Let’s see it in action!
Before (I chose the blackest, most tarnished pieces for this photo. Note also the green tarnish on the two earrings next to the horseshoe charm – I’ll refer to this later!)
Aluminium foil in the bottom of a glass bowl, with baking soda and a little salt
Boiling water added – bubbles!
I added the jewellery – the trick is to make sure that each piece is in direct contact with the foil. Here comes the science part (I probably haven’t mentioned this before, but I used to be a Materials Scientist in a past life): the black tarnish on your silver is silver sulphide. An electrochemical reaction causes the sulphur to transfer from the silver to the aluminium foil, and the tarnish disappears! You can tell it’s working when you smell the sulphur (bad eggs)…
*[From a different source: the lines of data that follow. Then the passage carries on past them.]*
lemma sum_hankel_bilinear:
  "(\<Sum>i<n. \<Sum>j<n. a i * hankel n g i j * b j) =
   (\<Sum>m<n. g m * fps_nth (toeplitz_fps n a * toeplitz_fps n b) m)"
proof -
  have "(\<Sum>i<n. \<Sum>j<n. a i * hankel n g i j * b j) =
      (\<Sum>(i, j)\<in>{..<n} \<times> {..<n}. a i * hankel n g i j * b j)"
    by (rule sum.cartesian_product)
  also have "\<dots> = (\<Sum>(i, j)\<in>{(i, j). i + j < n}. a i * b j * g (i + j))"
    by (rule sum.mono_neutral_cong_right) (auto simp: hankel_def split: if_splits)
  also have "\<dots> = (\<Sum>m<n. \<Sum>i\<le>m. a i * b (m - i) * g m)"
    by (simp add: sum.triangle_reindex)
  also have "\<dots> = (\<Sum>m<n. g m * fps_nth (toeplitz_fps n a * toeplitz_fps n b) m)"
    by (auto simp: fps_mult_nth atLeast0AtMost sum_distrib_left mult_ac intro!: sum.cong)
  finally show ?thesis .
qed

lemma normalized_uncurling_cong:
  assumes "\<forall>i<n. \<forall>j<n. L i j = L' i j"
  shows "normalized_uncurling n L \<longleftrightarrow> normalized_uncurling n L'"
proof -
  have "form_coeff n L j = form_coeff n L' j" if "j < n" for j
    using assms that by (auto simp: form_coeff_def fun_eq_iff intro!: sum.cong)
  then have "closed_at n L s = closed_at n L' s" for s
    by (simp add: closed_at_def)
  moreover have "(\<Sum>i<n. \<Sum>j<n. s i * L i j * tinv n s j) =
      (\<Sum>i<n. \<Sum>j<n. s i * L' i j * tinv n s j)" for s
    using assms by (auto intro!: sum.cong)
  ultimately show ?thesis
    using assms by (simp add: normalized_uncurling_def uncurling_def symmetric_mat_def)
qed

lemma toeplitz_fps_tone: "0 < n \<Longrightarrow> toeplitz_fps n (tone n) = 1"
  by (intro fps_ext) (simp add: tone_def)

lemma toeplitz_fps_mult_tinv_nth:
  assumes "m < n" and s0: "s 0 \<noteq> 0"
  shows "fps_nth (toeplitz_fps n s * toeplitz_fps n (tinv n s)) m = fps_nth 1 m"
proof -
  have "toeplitz_fps n (tinv n s) = fps_cutoff n (inverse (toeplitz_fps n s))"
    using s0 by (intro fps_ext) (simp add: tinv_eq_fps_inverse_nth)
  moreover have "fps_nth (toeplitz_fps n s) 0 \<noteq> 0"
    using assms by simp
  ultimately show ?thesis
    using assms(1) by (simp add: fps_cutoff_right_mult_nth inverse_mult_eq_1')
qed

lemma tone_in_tball: "0 < r \<Longrightarrow> tone n \<in> tball n (tone n) r"
  by (simp add: tball_def)

lemma tball_one_nonzero:
  assumes "s \<in> tball n (tone n) 1" and "0 < n"
  shows "s 0 \<noteq> 0"
proof
  assume "s 0 = 0"
  then have "1 \<le> (\<Sum>i<n. (s i - tone n i)\<^sup>2)"
    using member_le_sum[of 0 "{..<n}" "\<lambda>i. (s i - tone n i)\<^sup>2"] assms(2) by (simp add: tone_def)
  then show False
    using assms(1) by (simp add: tball_def)
qed

lemma tone_update_in_tball:
  assumes "\<bar>e\<bar> < r" and "p < n"
  shows "(tone n)(p := tone n p + e) \<in> tball n (tone n) r"
proof -
  have "(\<Sum>i<n. (((tone n)(p := tone n p + e)) i - tone n i)\<^sup>2) = e\<^sup>2"
    using assms(2) by (simp add: if_distrib[of "\<lambda>x. (x - _)\<^sup>2"] cong: if_cong)
  then show ?thesis
    using assms(1) by (simp add: tball_def)
qed

lemma normalized_uncurling_hankel:
  assumes n: "0 < n" and g0: "g 0 = 1"
  shows "normalized_uncurling n (hankel n g)"
proof -
  have "symmetric_mat n (hankel n g)"
    by (simp add: symmetric_mat_def hankel_def add.commute)
  moreover have "closed_at n (hankel n g) s" if "s \<in> tball n (tone n) 1" for s
    using tball_one_nonzero[OF that n]
    by (simp add: closed_at_iff_hankel_defect hankel_defect_hankel)
  moreover have "(\<Sum>i<n. \<Sum>j<n. s i * hankel n g i j * tinv n s j) = (\<Sum>i<n. tone n i * tone n i)"
    if "s \<in> tball n (tone n) 1" for s
  proof -
    have "(\<Sum>i<n. \<Sum>j<n. s i * hankel n g i j * tinv n s j) = (\<Sum>m<n. g m * fps_nth 1 m)"
      using tball_one_nonzero[OF that n]
      by (simp add: sum_hankel_bilinear toeplitz_fps_mult_tinv_nth)
    also have "\<dots> = 1"
      using n g0 by (simp add: if_distrib cong: if_cong)
    also have "\<dots> = (\<Sum>i<n. tone n i * tone n i)"
      using n by (simp add: tone_def if_distrib cong: if_cong)
    finally show ?thesis .
  qed
  ultimately show ?thesis
    unfolding normalized_uncurling_def uncurling_def
    using tball_one_nonzero n by (intro conjI exI[of _ 1]) auto
qed

text \<open>Closedness at s = 1 + e X^p for all small e; the derivative of (1 + e X^p)^-2 at e = 0 is
  -2 X^p, which isolates the p-th defect.\<close>
lemma hankel_defect_eq_0_if_closed_near_one:
  assumes r: "0 < r" and closed: "\<forall>s\<in>tball n (tone n) r. s 0 \<noteq> 0 \<and> closed_at n L s"
    and "p < n" "j < n" "k < n"
  shows "hankel_defect n L j k p = 0"
proof -
  define \<phi> where "\<phi> e =
      (\<Sum>m<n. fps_nth (inverse (1 + fps_const e * fps_X ^ p) ^ 2) m * hankel_defect n L j k m)" for e
  have "\<phi> e = 0" if "\<bar>e\<bar> < r" for e
  proof -
    let ?s = "(tone n)(p := tone n p + e)"
    have "?s 0 \<noteq> 0" and "closed_at n L ?s"
      using closed tone_update_in_tball[OF that \<open>p < n\<close>] by blast+
    moreover have "toeplitz_fps n ?s = 1 + fps_const e * fps_X ^ p"
      using \<open>p < n\<close> by (simp add: toeplitz_fps_update toeplitz_fps_tone)
    ultimately show ?thesis
      using \<open>j < n\<close> \<open>k < n\<close> closed_at_iff_hankel_defect[of ?s n L] by (simp add: \<phi>_def)
  qed
  then have "\<forall>\<^sub>F e in nhds 0. \<phi> e = 0"
    unfolding eventually_nhds_metric using r by (auto simp: dist_real_def)
  then have "(\<phi> has_real_derivative 0) (at 0)"
    by (simp add: DERIV_cong_ev)
  moreover have "(\<phi> has_real_derivative
      (\<Sum>m<n. - 2 * fps_nth (fps_X ^ p) m * hankel_defect n L j k m)) (at 0)"
    unfolding \<phi>_def
    using DERIV_fps_inverse_square_nth_line[of 1 "fps_X ^ p"]
    by (intro DERIV_sum DERIV_cmult_right) simp
  moreover have "(\<Sum>m<n. - 2 * fps_nth (fps_X ^ p) m * hankel_defect n L j k m) =
      (\<Sum>m<n. if m = p then - 2 * hankel_defect n L j k p else 0)"
    by (intro sum.cong) (auto simp: fps_X_power_nth)
  ultimately show ?thesis
    using DERIV_unique \<open>p < n\<close> by fastforce
qed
Look how dirty the water becomes (I’d taken out most of the jewellery by this point)
Most of my jewellery came out clean and shiny. Some had a whitish powdery residue (probably from the salt etc) but after rinsing them in clean water, they were fine. Some still looked black, but the black came off easily when I dried it on some paper towel:
The remaining black tarnish rubbed off easily on a paper towel
Now here’s something interesting: the silver that started with green tarnish to begin with didn’t get clean – it turned orangey/black. This makes sense – pure silver is very soft, so the standard 925 silver (sterling silver) is made from 92.5% silver, and the remaining 7.5% is often copper. It would have been the copper content in the silver that produced the green tarnish in the first place.
Look at the result of the ‘cleaning’ of the green-tarnished pieces:
Yuck – discolouration from the copper content in the silver
The good news – this isn’t permanent. I used silver polish on these pieces and they turned back to shiny silver (phew!). But I recommend that if you have any silver with green tarnish, don’t use the baking soda method – it won’t help!
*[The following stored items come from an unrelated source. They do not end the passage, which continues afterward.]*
lemma gauss_f_exchange:
  assumes g: "gauss_factorization N T Fc G Ec Gi" and M: "M \<le> N"
    and comm: "\<And>a b s. a \<in> {1..M} \<Longrightarrow> b \<in> {1..M} \<Longrightarrow> commutes_with X Y (T a b s)"
    and a: "a1 \<in> {M<..N}" "a2 \<in> {M<..N}"
    and T: "\<And>b s. b \<in> {1..M} \<Longrightarrow> f_exchange \<iota> X Y (T a1 b s) (T a2 b s)"
  shows "m \<in> {1..M} \<Longrightarrow> f_exchange \<iota> X Y (Fc a1 m s) (Fc a2 m s)"
proof (induction m arbitrary: s rule: less_induct)
  case (less m)
  have block: "commutes_with X Y (G k s) \<and> (\<forall>b\<in>{k..M}. commutes_with X Y (Ec k b s))
      \<and> (\<forall>a\<in>{k..M}. commutes_with X Y (Fc a k s))" if "k \<in> {1..M}" for k s
    by (rule gauss_commutes[OF g M comm that])
  have Gi: "commutes_with X Y (Gi m)"
    using less.prems M
    by (intro commutes_with_inverse[OF conjunct1[OF block[of m 0]]] gauss_factorization_D(4,5)[OF g]) auto
  have lower: "f_exchange \<iota> X Y (\<Sum>k\<in>{1..<m}. conv3 (Fc a1 k) (G k) (Ec k m) s')
                                  (\<Sum>k\<in>{1..<m}. conv3 (Fc a2 k) (G k) (Ec k m) s')" for s'
  proof (intro f_exchange_sum f_exchange_conv3)
    fix k assume "k \<in> {1..<m}"
    then show "f_exchange \<iota> X Y (Fc a1 k p) (Fc a2 k p)" "commutes_with X Y (G k q)"
      "commutes_with X Y (Ec k m u)" for p q u
      using block[of k] less.IH[of k] less.prems by auto
  qed simp
  show ?case
    using less.prems M a block[OF less.prems]
    by (intro gauss_lower_f_exchange[OF g] T lower Gi) auto
qed
lemma distinct_edge_walk: "(\<And>j. fst e \<noteq> Sub e j) \<Longrightarrow> distinct (edge_walk e)"
  unfolding edge_walk_def by (rule distinct_map[THEN iffD2]) (auto simp: inj_on_def subv_def; metis)

lemma M_walk_Suc: "a \<le> b \<Longrightarrow> M_walk a (Suc b) = M_walk a b @ edge_walk (M_edge b)"
  by (simp add: M_walk_def)

lemma distinct_M_walk: "b \<le> 2*m+1 \<Longrightarrow> distinct (M_walk a b)"
proof (induction b)
  case (Suc b)
  show ?case
  proof (cases "a \<le> b")
    case True
    have "distinct (edge_walk (M_edge b))"
      using Suc.prems M_vertex_not_Sub[of b] by (intro distinct_edge_walk) (auto simp: M_edge_def)
    moreover have "set (M_walk a b) \<inter> set (edge_walk (M_edge b)) = {}"
      using set_M_walk[of a b] set_M_walk[of b "Suc b"] M_walk_vertices_disjoint[of b b "Suc b" a]
        Suc.prems by (auto simp: M_walk_def)
    ultimately show ?thesis using Suc True by (simp add: M_walk_Suc)
  qed (simp add: M_walk_def)
qed (simp add: M_walk_def)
After rinsing (and polishing the copper from the surface of the above earrings), here’s all my jewellery:
And here’s the final proof that it does (mostly) work – remember my blackened flower ring from the first picture? Look at it now!
Clean and shiny!
Yay! I can wear it again! And I didn’t have to polish into all those little crevices by hand 🙂
If you’d like to try this technique yourself, you just need aluminium (that’s aluminum to the Americans) foil, baking soda, salt, and boiling water to make most of your silver look like new again with zero effort! Just don’t forget to rinse the pieces after cleaning (if you leave the salt residue, it’ll corrode the silver).
I hope you found my review interesting – just tell me if I get too science-geeky and I’ll scale it back in future 🙂
Edited to add:
Several people have asked about silver jewellery that includes gems or other stones. I’ve mentioned a few important tips about those in the comments, so I thought I should add them here too:
- Pearls are NOT stones and must be treated very carefully with only a damp cloth or a very mild soap solution. NEVER put pearls into a baking soda solution!
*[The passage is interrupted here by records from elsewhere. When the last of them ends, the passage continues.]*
(* Let $\mathbb{F}$ be a field of characteristic zero, $n\ge 1$, $m=2n-1$, and let $\mathfrak{sl}(2)\ltimes \mathfrak{a}_m$ be the Lie algebra in which $\mathfrak{a}_m$ is an abelian ideal isomorphic to $V(m)$ as an $\mathfrak{sl}(2)$-module. Let $V_1=E(a,b)$ with $a+b=m$ and $a,b\neq 0$, with socle decomposition $V_1=V(a)\oplus V(b)$. Let $V_2=V(c)\oplus V(d)$ be the socle decomposition of a uniserial $(\mathfrak{sl}(2)\ltimes\mathfrak{a}_m)$-module of composition length $2$, and put $$S_1(V_1,V_2)=\big(V(a)\otimes V(d)\;\oplus\; V(b)\otimes V(c)\big)^{\mathfrak{a}_m}\subseteq V_1\otimes V_2 .$$ Then: (i) If $V_2\simeq E(c,d)$ with $c+d=m$ and $0<a\le c<m$, then, as $\mathfrak{sl}(2)$-modules, $S_1(V_1,V_2)\simeq V(d-a)$ if $d-a=b-c\ge 0$, and $S_1(V_1,V_2)=0$ otherwise. (ii) If $V_2\simeq Z(c,1)\simeq E(c,c+m)$, then, as $\mathfrak{sl}(2)$-modules, $S_1(V_1,V_2)\simeq V(b)$ if $c=0$, and $S_1(V_1,V_2)=0$ if $c\neq 0$. (iii) If $V_2\simeq Z(d,1)^*\simeq E(d+m,d)$, then $S_1(V_1,V_2)=0$.
   Context: All Lie algebras and modules are finite dimensional over $\mathbb{F}$ (characteristic zero). $V(k)$ denotes the irreducible $\mathfrak{sl}(2)$-module of highest weight $k$ ($\dim V(k)=k+1$). For a module $U$ over a Lie algebra $\mathfrak{g}$, $\mathrm{soc}(U)$ is the sum of all irreducible submodules; the socle series is $0=\mathrm{soc}^0(U)\subset \mathrm{soc}^1(U)\subset\cdots$ with $\mathrm{soc}^{i}(U)/\mathrm{soc}^{i-1}(U)=\mathrm{soc}(U/\mathrm{soc}^{i-1}(U))$. $U$ is uniserial if it has a unique composition series, i.e. all socle factors are irreducible. For a uniserial $(\mathfrak{sl}(2)\ltimes\mathfrak{a}_m)$-module $U$ of composition length $\ell+1$, a socle decomposition is a decomposition $U=V(a_0)\oplus\cdots\oplus V(a_\ell)$ into irreducible $\mathfrak{sl}(2)$-submodules with $\mathrm{soc}^{i+1}(U)=V(a_0)\oplus\cdots\oplus V(a_i)$ for all $i$ (the order of summands matters). The tensor product carries the action $x(v\otimes w)=xv\otimes w+v\otimes xw$, and $(\cdot)^{\mathfrak{a}_m}$ denotes the subspace annihilated by $\mathfrak{a}_m$. For nonnegative integers $a,b$ with $a+b\equiv m \pmod 2$ and $|a-b|\le m\le a+b$, there is, up to scalar, a unique nonzero $\mathfrak{sl}(2)$-module map $\mathfrak{a}_m\otimes V(b)\to V(a)$; $E(a,b)$ is the $\mathfrak{sl}(2)$-module $V(a)\oplus V(b)$ on which $\mathfrak{a}_m$ acts by killing $V(a)$ and mapping $V(b)$ into $V(a)$ via this map. It is uniserial with socle $V(a)$. For integers $\alpha,\ell\ge 0$, $Z(\alpha,\ell)$ is the $\mathfrak{sl}(2)$-module $V(\alpha)\oplus V(\alpha+m)\oplus\cdots\oplus V(\alpha+\ell m)$ where $\mathfrak{a}_m$ kills $V(\alpha)$ and maps each $V(\alpha+im)$ into $V(\alpha+(i-1)m)$ via the nonzero equivariant map above; $Z(\alpha,\ell)^*$ is its dual. In particular $Z(c,1)=E(c,c+m)$ and $Z(d,1)^*\simeq E(d+m,d)$. *)

theory Defs
  imports Main "HOL-Library.Function_Algebras"
begin

text \<open>Generators of sl(2) ltimes a_m: the standard basis E, F, H of sl(2) and the
  basis elements X 0, ..., X m of the abelian ideal a_m, where a_m is identified with
  V(m) as an sl(2)-module (X i corresponds to the i-th standard basis vector of V(m)).\<close>
datatype gen = E | F | H | X nat

text \<open>Finite-dimensional modules are given concretely by an index set I of basis
  vectors and matrices rho g (column s = image of basis vector s).\<close>
definition act :: "(gen \<Rightarrow> 'i \<Rightarrow> 'i \<Rightarrow> 'k::field) \<Rightarrow> 'i set \<Rightarrow> gen \<Rightarrow> ('i \<Rightarrow> 'k) \<Rightarrow> ('i \<Rightarrow> 'k)" where
  "act rho I g v = (\<lambda>r. \<Sum>s\<in>I. rho g r s * v s)"

definition Vrho :: "nat \<Rightarrow> gen \<Rightarrow> nat \<Rightarrow> nat \<Rightarrow> 'k::field" where
  "Vrho k g r s = (case g of
      E \<Rightarrow> (if s = r + 1 \<and> s \<le> k then of_nat (s * (k - s + 1)) else 0)
    | F \<Rightarrow> (if r = s + 1 \<and> r \<le> k then 1 else 0)
    | H \<Rightarrow> (if r = s \<and> s \<le> k then of_int (int k - 2 * int s) else 0)
    | X i \<Rightarrow> 0)"

definition Vsp :: "nat \<Rightarrow> (nat \<Rightarrow> 'k::field) set" where
  "Vsp k = {v. \<forall>i. k < i \<longrightarrow> v i = 0}"

text \<open>A bilinear map a_m x V(b) -> V(a) given by coefficients:
  phi(x_i (x) v_j) = sum_k C i j k w_k. It is sl(2)-equivariant if
  phi(g x (x) v) + phi(x (x) g v) = g phi(x (x) v) for g in {E,F,H}.\<close>
definition equivariant :: "nat \<Rightarrow> nat \<Rightarrow> nat \<Rightarrow> (nat \<Rightarrow> nat \<Rightarrow> nat \<Rightarrow> 'k::field) \<Rightarrow> bool" where
  "equivariant m b a C \<longleftrightarrow>
     (\<forall>g\<in>{E, F, H}. \<forall>i\<le>m. \<forall>j\<le>b. \<forall>k\<le>a.
        (\<Sum>i'\<le>m. Vrho m g i' i * C i' j k) + (\<Sum>j'\<le>b. Vrho b g j' j * C i j' k)
        = (\<Sum>k'\<le>a. Vrho a g k k' * C i j k'))"

definition nonzero_map :: "nat \<Rightarrow> nat \<Rightarrow> nat \<Rightarrow> (nat \<Rightarrow> nat \<Rightarrow> nat \<Rightarrow> 'k::field) \<Rightarrow> bool" where
  "nonzero_map m b a C \<longleftrightarrow> (\<exists>i\<le>m. \<exists>j\<le>b. \<exists>k\<le>a. C i j k \<noteq> 0)"

text \<open>E(a,b): basis Inl 0..Inl a (the socle V(a)) and Inr 0..Inr b (the top V(b));
  a_m kills V(a) and maps V(b) to V(a) via C.\<close>
definition EI :: "nat \<Rightarrow> nat \<Rightarrow> (nat + nat) set" where
  "EI a b = Inl ` {..a} \<union> Inr ` {..b}"

definition Erho :: "nat \<Rightarrow> nat \<Rightarrow> (nat \<Rightarrow> nat \<Rightarrow> nat \<Rightarrow> 'k::field)
      \<Rightarrow> gen \<Rightarrow> nat + nat \<Rightarrow> nat + nat \<Rightarrow> 'k" where
  "Erho a b C g r s = (if r \<in> EI a b \<and> s \<in> EI a b then
     (case g of
        X i \<Rightarrow> (case (r, s) of (Inl k, Inr j) \<Rightarrow> C i j k | _ \<Rightarrow> 0)
      | _ \<Rightarrow> (case (r, s) of (Inl k, Inl k') \<Rightarrow> Vrho a g k k'
                         | (Inr j, Inr j') \<Rightarrow> Vrho b g j j'
                         | _ \<Rightarrow> 0))
     else 0)"

definition trho :: "(gen \<Rightarrow> 'i \<Rightarrow> 'i \<Rightarrow> 'k::field) \<Rightarrow> (gen \<Rightarrow> 'j \<Rightarrow> 'j \<Rightarrow> 'k)
      \<Rightarrow> gen \<Rightarrow> 'i \<times> 'j \<Rightarrow> 'i \<times> 'j \<Rightarrow> 'k" where
  "trho rho1 rho2 g r s =
     rho1 g (fst r) (fst s) * (if snd r = snd s then 1 else 0)
     + (if fst r = fst s then 1 else 0) * rho2 g (snd r) (snd s)"

definition S1 :: "nat \<Rightarrow> nat \<Rightarrow> nat \<Rightarrow> (nat \<Rightarrow> nat \<Rightarrow> nat \<Rightarrow> 'k::field)
      \<Rightarrow> nat \<Rightarrow> nat \<Rightarrow> (nat \<Rightarrow> nat \<Rightarrow> nat \<Rightarrow> 'k) \<Rightarrow> ((nat + nat) \<times> (nat + nat) \<Rightarrow> 'k) set" where
  "S1 m a b C1 c d C2 =
     {u. (\<forall>p. p \<notin> (Inl ` {..a} \<times> Inr ` {..d}) \<union> (Inr ` {..b} \<times> Inl ` {..c}) \<longrightarrow> u p = 0)
       \<and> (\<forall>i\<le>m. act (trho (Erho a b C1) (Erho c d C2)) (EI a b \<times> EI c d) (X i) u = 0)}"

definition sl2_iso_V :: "(gen \<Rightarrow> 'i \<Rightarrow> 'i \<Rightarrow> 'k::field) \<Rightarrow> 'i set \<Rightarrow> ('i \<Rightarrow> 'k) set \<Rightarrow> nat \<Rightarrow> bool" where
  "sl2_iso_V rho I S k \<longleftrightarrow>
     (\<forall>g\<in>{E, F, H}. \<forall>u\<in>S. act rho I g u \<in> S) \<and>
     (\<exists>\<phi> :: ('i \<Rightarrow> 'k) \<Rightarrow> (nat \<Rightarrow> 'k).
        (\<forall>u\<in>S. \<forall>v\<in>S. \<phi> (u + v) = \<phi> u + \<phi> v) \<and>
        (\<forall>t. \<forall>u\<in>S. \<phi> (\<lambda>p. t * u p) = (\<lambda>p. t * \<phi> u p)) \<and>
        bij_betw \<phi> S (Vsp k) \<and>
        (\<forall>g\<in>{E, F, H}. \<forall>u\<in>S. \<phi> (act rho I g u) = act (Vrho k) {..k} g (\<phi> u)))"

end

theory Submission
  imports Defs
begin

text \<open>S_1 is an sl(2)-submodule of V_1 (x) V_2 with a basis of weight vectors, so it is
  determined by its lowest weight vectors, the kernel of F: a module in which this kernel is
  spanned by one vector of weight -e is V(e), and a module in which it is zero is zero.
  Since [F, X i] = X (i + 1), annihilation by a_m reduces to annihilation by X 0. By weight
  considerations X 0 only involves edge coordinates of the blocks V(a) (x) V(d) and
  V(b) (x) V(c); together with F this leaves, on each block, alternating coordinates along a
  single antidiagonal, the two blocks being linked through their corner coordinates. For
  V_2 = E(c, d) with c + d = m this leaves one lowest weight vector, of weight a - d, when
  a <= d and none otherwise; for Z(c, 1) with c > 0 and for Z(d, 1)^* it forces every lowest
  weight vector to vanish.\<close>

section \<open>Weight modules over sl(2)\<close>

text \<open>Vectors are coordinate functions on an index set of H-eigenvectors; wt gives the
  eigenvalue of each index.\<close>

definition weight_vec :: "('i \<Rightarrow> int) \<Rightarrow> int \<Rightarrow> ('i \<Rightarrow> 'k::zero) \<Rightarrow> bool" where
  "weight_vec wt w u \<longleftrightarrow> (\<forall>r. u r \<noteq> 0 \<longrightarrow> wt r = w)"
- The finish of some gems may be damaged by hot water or salt, so do Google for cleaning instructions for your particular gemstone to make sure it’s safe before you try this or any other cleaning method.
- If your stones are glued in place, there’s also a chance that the glue will react with the solution, or even melt in the boiling water.
So, if in doubt, save this technique for your silver jewellery that’s all. silver and doesn’t have any gems, stones, crystals etc.